1.1.4 单线程的pipeline.py

import urllib.request
 
def download(url,count):
    headers={
    "User-Agent":"Mozilla/5.0 (Windows NT 10.0; Win64; x64) AppleWebKit/537.36 (KHTML, like Gecko) Chrome/117.0.0.0 Safari/537.36"
    }
    try:
        if(url[len(url)-4]=="."):#获取文件后缀名
            ext=url[len(url)-4:]
        else:
            ext=""
        req =urllib.request.Request(url,headers=headers)
        data=urllib.request.urlopen(req,timeout=15)
        data=data.read()
        with open(".\\images\\"+str(count)+ext,"wb") as fp:
            fp.write(data)
        print("downloaded "+str(count)+ext)
 
    except Exception as err:
         print(err)
 
class WheatherPipeline:
    def open_spider(self, spider):
        pass
    def process_item(self, item, spider):
        img_url = item['pic_url']
        number = item['number']
        download(img_url,number)
        return item
    def close_spider(self,spider):
        pass

1.1.5 多线程的Pipeline.py

import urllib.request
 
def download(url,count):
    headers={
    "User-Agent":"Mozilla/5.0 (Windows NT 10.0; Win64; x64) AppleWebKit/537.36 (KHTML, like Gecko) Chrome/117.0.0.0 Safari/537.36"
    }
    try:
        if(url[len(url)-4]=="."):#获取文件后缀名
            ext=url[len(url)-4:]
        else:
            ext=""
        req =urllib.request.Request(url,headers=headers)
        data=urllib.request.urlopen(req,timeout=15)
        data=data.read()
        with open(".\\images\\"+str(count)+ext,"wb") as fp:
            fp.write(data)
        print("downloaded "+str(count)+ext)
 
    except Exception as err:
         print(err)
 
class WheatherPipeline:
 
    def open_spider(self, spider):
        pass
        # self.threads=[]
        # self.count=0
 
    def process_item(self, item, spider):
        img_url = item['pic_url']
        number = item['number']
        T = threading.Thread(target=download, args=(img_url, number))
        T.setDaemon(False)
        T.start()
        self.threads.append(T)
        self.count += 1
        return item
 
    def close_spider(self,spider):
         for thread in self.threads:
             thread.join()

结果截图:
image

1.2作业心得

1.多线程确实极大提升了爬取效率。
2.scrapy初上手。
3.后面了解到scrapy中专门用于图像存储的ImagesPipeline类,于是在此尝试了下

1.2.1 改写settings.py(进行UA伪装)

ROBOTSTXT_OBEY = False
USER_AGENT = 'Mozilla/5.0 (Macintosh; Intel Mac OS X 10_12_0) AppleWebKit/537.36 (KHTML, like Gecko) Chrome/74.0.3729.169 Safari/537.36'
LOG_LEVEL = 'ERROR'

1.2.2 改写item.py,设置要爬取的字段

import scrapy


class WeatherproItem(scrapy.Item):
    number = scrapy.Field()
    pic_url = scrapy.Field()

1.2.3改写weather.py,进行数据解析(记得注释掉allow_domain)

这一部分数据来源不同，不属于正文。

text \<open>
  Let \<open>q\<close> be the size of the field (eventually \<open>q = p\<close>). Everything reduces to counting planes of \<open>F\<^sub>q\<^sup>4\<close>
  subject to incidence conditions, which is done by counting their ordered bases, \<open>(q\<^sup>2 - 1)(q\<^sup>2 - q)\<close>
  per plane.

  The coefficient sum is a linear form sending \<open>\<one>\<close> to \<open>|\<L>\<^sub>2| = (q\<^sup>2 + 1)(q\<^sup>2 + q + 1) \<equiv> 1\<close> and
  vanishing on the images of \<open>\<phi>\<close>, \<open>\<psi>\<close>, \<open>\<eta>\<close>: a line is disjoint from, a hyperplane fails to contain,
  and a plane is disjoint from \<open>q\<^sup>2(q\<^sup>2 + q + 1)\<close>, \<open>q\<^sup>2(q\<^sup>2 + q + 1)\<close> and \<open>q\<^sup>4\<close> planes respectively.
  This gives the direct sums.

  For the containments, lift to \<open>\<int>\<close>. Then \<open>\<eta>(\<one>) = q\<^sup>4\<one>\<close>; the entries of \<open>\<eta>\<phi>\<close> and \<open>\<eta>\<psi>\<close> are
  \<open>q\<^sup>4\<close> or \<open>q\<^sup>4 - q\<^sup>2\<close>; and modulo \<open>q\<^sup>3\<close> the matrix of \<open>\<eta>\<^sup>2\<close> is \<open>K\<close> times that of \<open>\<eta>\<close> with
  \<open>K = q(q - 1)(q\<^sup>2 - 1) \<equiv> 0\<close>, so \<open>\<eta>(v) - K v\<close> is a lift of \<open>\<eta>(v)\<close> lying in \<open>M\<^sub>3\<close>.
\<close>

section \<open>Vector spaces over a finite field\<close>

lemma (in vector_space) card_span_independent:
  assumes "finite (UNIV :: 'a set)" "independent B" "finite B"
  shows "card (span B) = CARD('a) ^ card B"
  using assms(3,2)
proof (induction B rule: finite_induct)
  case (insert a B)
  then have indep: "independent B" and a: "a \<notin> span B"
    using independent_insert by auto
  have span_eq: "span (insert a B) = (\<lambda>(c, s). c *s a + s) ` (UNIV \<times> span B)"
  proof (intro set_eqI iffI)
    fix x assume "x \<in> span (insert a B)"
    then obtain k where "x - k *s a \<in> span B"
      by (auto simp: span_breakdown_eq)
    then show "x \<in> (\<lambda>(c, s). c *s a + s) ` (UNIV \<times> span B)"
      by (intro image_eqI[where x = "(k, x - k *s a)"]) auto
  next
    fix x assume "x \<in> (\<lambda>(c, s). c *s a + s) ` (UNIV \<times> span B)"
    then obtain c s where "s \<in> span B" "x = c *s a + s" by auto
    then show "x \<in> span (insert a B)"
      by (auto simp: span_breakdown_eq intro!: exI[of _ c])
  qed
  have "inj_on (\<lambda>(c, s). c *s a + s) (UNIV \<times> span B)"
  proof (rule inj_onI, clarsimp)
    fix c s c' s'
    assume s: "s \<in> span B" "s' \<in> span B" and eq: "c *s a + s = c' *s a + s'"
    have "(c - c') *s a = s' - s"
      using eq by (simp add: scale_left_diff_distrib algebra_simps)
    then have "(c - c') *s a \<in> span B"
      using s span_diff by metis
    then have "c = c'"
      using a span_scale[of _ B "inverse (c - c')"] by (metis scale_scale scale_one left_inverse right_minus_eq)
    with eq show "c = c' \<and> s = s'" by simp
  qed
  then have "card (span (insert a B)) = CARD('a) * card (span B)"
    by (simp add: span_eq card_image card_cartesian_product)
  with insert indep show ?case by simp
qed simp

context finite_dimensional_vector_space
begin

lemma card_subspace:
  assumes "finite (UNIV :: 'a set)" "subspace W"
  shows "card W = CARD('a) ^ dim W"
proof -
  obtain B where "B \<subseteq> W" "independent B" "W \<subseteq> span B" "card B = dim W"
    using basis_exists by blast
  moreover from this have "span B = W"
    using assms(2) span_minimal by blast
  ultimately show ?thesis
    using card_span_independent[OF assms(1)] finiteI_independent by metis
qed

由于下一步进行持久化存储时用到了scrapy中专门用于图像存储的ImagesPipeline类,这一步只需将图片的src封装给item,提交给管道后会自动向src发起请求下载图片至指定位置。

import scrapy,re
from weatherPro.items import WeatherproItem

class WeatherSpider(scrapy.Spider):
    name = "weather"
    #allowed_domains = ["www.weather.com.cn"]
    start_urls = ["http://www.weather.com.cn/"]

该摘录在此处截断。